Persistence + iteration helpers:

Method Use
Plan.{autonomous,interactive}.loadOrGenerate(file, userPrompt, llm, instructions?) Idempotent plan acquisition: parse file if it exists (resume), otherwise generate (in the chosen mode) and persist as markdown.
Plan.defaultPath(userPrompt, workDir?) Returns <workDir>/.orca/plan-<hash>.md — the conventional persistent-plan path. <hash> is the first 6 bytes of SHA-256(userPrompt) rendered as 12 hex chars, so unrelated prompts in the same repo don't collide.
Plan.recoverOrCreate(file, stashMessage?)(generate) Resume from file if it exists, else ensureClean + evaluate generate, check out the plan's branch, and persist. The acquisition entry point for resumable flows.
Plan.recover(file) Lower-level resume-from-crash: if file exists, stash pending edits (git stash pop recovers them), switch to the plan's branch, parse, return Some(plan); else None.
Plan.implementTaskLoop(file, plan)(body) / Plan.implementTaskLoop(plan)(body) Iterate plan running body(task) per task, committing each. The file overload also ticks the on-disk checkbox and removes the file at the end (resumable); the file-less overload tracks completion in memory (for flows with their own non-restartable state machine).
Plan.persistComplete(file, title) Mark one task complete on disk. Lower-level primitive that the file loop is built on.

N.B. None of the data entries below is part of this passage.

lemma exp_not_convergent:
  fixes c :: complex
  assumes "0 \<le> Re c" and "c \<noteq> 0"
  shows "\<not> ((\<lambda>T::real. exp (c * of_real T)) \<longlongrightarrow> M) at_top"
proof
  assume lim: "((\<lambda>T::real. exp (c * of_real T)) \<longlongrightarrow> M) at_top"
  have "1 \<le> cmod M"
  proof (rule tendsto_lowerbound[OF tendsto_norm[OF lim]])
    show "\<forall>\<^sub>F T in at_top. 1 \<le> cmod (exp (c * of_real T))"
      using eventually_ge_at_top[of 0] by eventually_elim (use assms(1) in \<open>simp add: norm_exp_eq_Re\<close>)
  qed simp
  \<comment> \<open>M is fixed by multiplication with exp (c h) for every h > 0, but exp (c h) \<noteq> 1 as soon as
    0 < |c h| < 2 pi.\<close>
  define h where "h = 1 / (cmod c + 1)"
  have h: "0 < h" "cmod c * h < 1"
    by (simp_all add: h_def add_nonneg_pos divide_less_eq)
  have "((\<lambda>T::real. exp (c * of_real (h + T))) \<longlongrightarrow> M) at_top"
    by (rule filterlim_compose[OF lim filterlim_tendsto_add_at_top[OF tendsto_const filterlim_ident]])
  moreover have "(\<lambda>T::real. exp (c * of_real (h + T))) = (\<lambda>T. exp (c * of_real h) * exp (c * of_real T))"
    by (simp add: mult_exp_exp algebra_simps)
  then have "((\<lambda>T::real. exp (c * of_real (h + T))) \<longlongrightarrow> exp (c * of_real h) * M) at_top"
    using tendsto_mult[OF tendsto_const lim] by simp
  ultimately have "exp (c * of_real h) * M = M"
    using tendsto_unique[OF trivial_limit_at_top_linorder] by blast
  then have "exp (c * of_real h) = 1"
    using \<open>1 \<le> cmod M\<close> by auto
  then obtain k :: int where re: "Re (c * of_real h) = 0" and im: "Im (c * of_real h) = of_int (2 * k) * pi"
    unfolding exp_eq_1 by blast
  have "\<bar>of_int (2 * k) * pi\<bar> < 1"
    using abs_Im_le_cmod[of "c * of_real h"] h im by (simp add: norm_mult)
  have "k = 0"
  proof (rule ccontr)
    assume "k \<noteq> 0"
    then have "1 \<le> \<bar>real_of_int k\<bar>"
      by linarith
    then have "2 * pi \<le> \<bar>of_int (2 * k) * pi\<bar>"
      by (simp add: abs_mult)
    with \<open>\<bar>of_int (2 * k) * pi\<bar> < 1\<close> pi_gt3 show False
      by linarith
  qed
  then have "c * of_real h = 0"
    using re im by (simp add: complex_eq_iff)
  then show False
    using assms(2) h(1) by simp
qed

lemma integral_exp_not_convergent:
  assumes s: "Re s \<le> 0"
  shows "\<not> ((\<lambda>T. integral {0..T} (\<lambda>t. exp (- s * of_real t))) \<longlongrightarrow> l) at_top"
proof
  assume lim: "((\<lambda>T. integral {0..T} (\<lambda>t. exp (- s * of_real t))) \<longlongrightarrow> l) at_top"
  show False
  proof (cases "s = 0")
    case True
    have "\<forall>\<^sub>F T in at_top. integral {0..T} (\<lambda>t. exp (- s * of_real t)) = of_real T"
      using eventually_ge_at_top[of 0] by eventually_elim (simp add: True scaleR_conv_of_real)
    with lim have "((\<lambda>T. Re (complex_of_real T)) \<longlongrightarrow> Re l) at_top"
      by (intro tendsto_Re) (rule Lim_transform_eventually)
    then show False
      using not_tendsto_and_filterlim_at_infinity[OF _ _ filterlim_at_top_imp_at_infinity[OF filterlim_ident]]
      by auto
  next
    case False
    have "\<forall>\<^sub>F T in at_top. (- s) * integral {0..T} (\<lambda>t. exp (- s * of_real t)) + 1
        = exp (- s * of_real T)"
      using eventually_ge_at_top[of 0]
    proof eventually_elim
      case (elim T)
      have "integral {0..T} (\<lambda>t. exp (- s * of_real t)) = (exp (- s * of_real T) - 1) / (- s)"
        using integral_exp_mult[of "- s" T 1] False elim by simp
      then show ?case
        using False by (simp only:) (simp add: field_simps)
    qed
    moreover have "((\<lambda>T. (- s) * integral {0..T} (\<lambda>t. exp (- s * of_real t)) + 1)
        \<longlongrightarrow> (- s) * l + 1) at_top"
      by (intro tendsto_intros lim)
    ultimately have "((\<lambda>T::real. exp (- s * of_real T)) \<longlongrightarrow> (- s) * l + 1) at_top"
      by (rule Lim_transform_eventually[rotated])
    then show False
      using exp_not_convergent[of "- s"] s False by simp
  qed
qed

lemma laplace_diverges_if_Re_nonpos:
  assumes s: "Re s \<le> 0"
  shows "\<exists>f\<in>S_space d. \<not> laplace_converges d \<nu> \<Omega> s f"
proof
  define i0 :: idx where "i0 = (\<lambda>_. 0, 0)"
  define f :: coeffs where "f i = (if i = i0 then 1 else 0)" for i
  have i0: "i0 \<in> idx_set d"
    by (simp add: i0_def idx_set_def)
  have "(\<lambda>i. (cmod (f i))\<^sup>2 * weight d i) summable_on idx_set d"
    unfolding summable_on_def by (rule exI, rule has_sum_finite_neutralI[of "{i0}"]) (use i0 in \<open>auto simp: f_def\<close>)
  then show "f \<in> S_space d"
    using i0 by (auto simp: S_space_def f_def)
  have partial: "laplace_partial d \<nu> \<Omega> s f T i0 = integral {0..T} (\<lambda>t. exp (- s * of_real t))" for T
    by (simp add: laplace_partial_eq f_def eig_def i0_def)
  show "\<not> laplace_converges d \<nu> \<Omega> s f"
  proof
    assume "laplace_converges d \<nu> \<Omega> s f"
    then obtain g where "S_tendsto d (laplace_partial d \<nu> \<Omega> s f) g at_top"
      unfolding laplace_converges_def by blast
    from S_tendsto_coeff[OF this i0] show False
      using integral_exp_not_convergent[OF s] by (simp add: partial)
  qed
qed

Picking interactive vs autonomous is visible at the call site rather than hidden behind a parameter default — Plan.interactive.* and Plan.autonomous.* are sibling namespaces with the same method shapes.

Persistent plans are the default mode for multi-task flows — implement.sc, implement-interactive.sc, epic.sc, and issue-pr.sc all use Plan.defaultPath + Plan.recover + Plan.implementTaskLoop. See ADR 0013 for the convention and migration notes.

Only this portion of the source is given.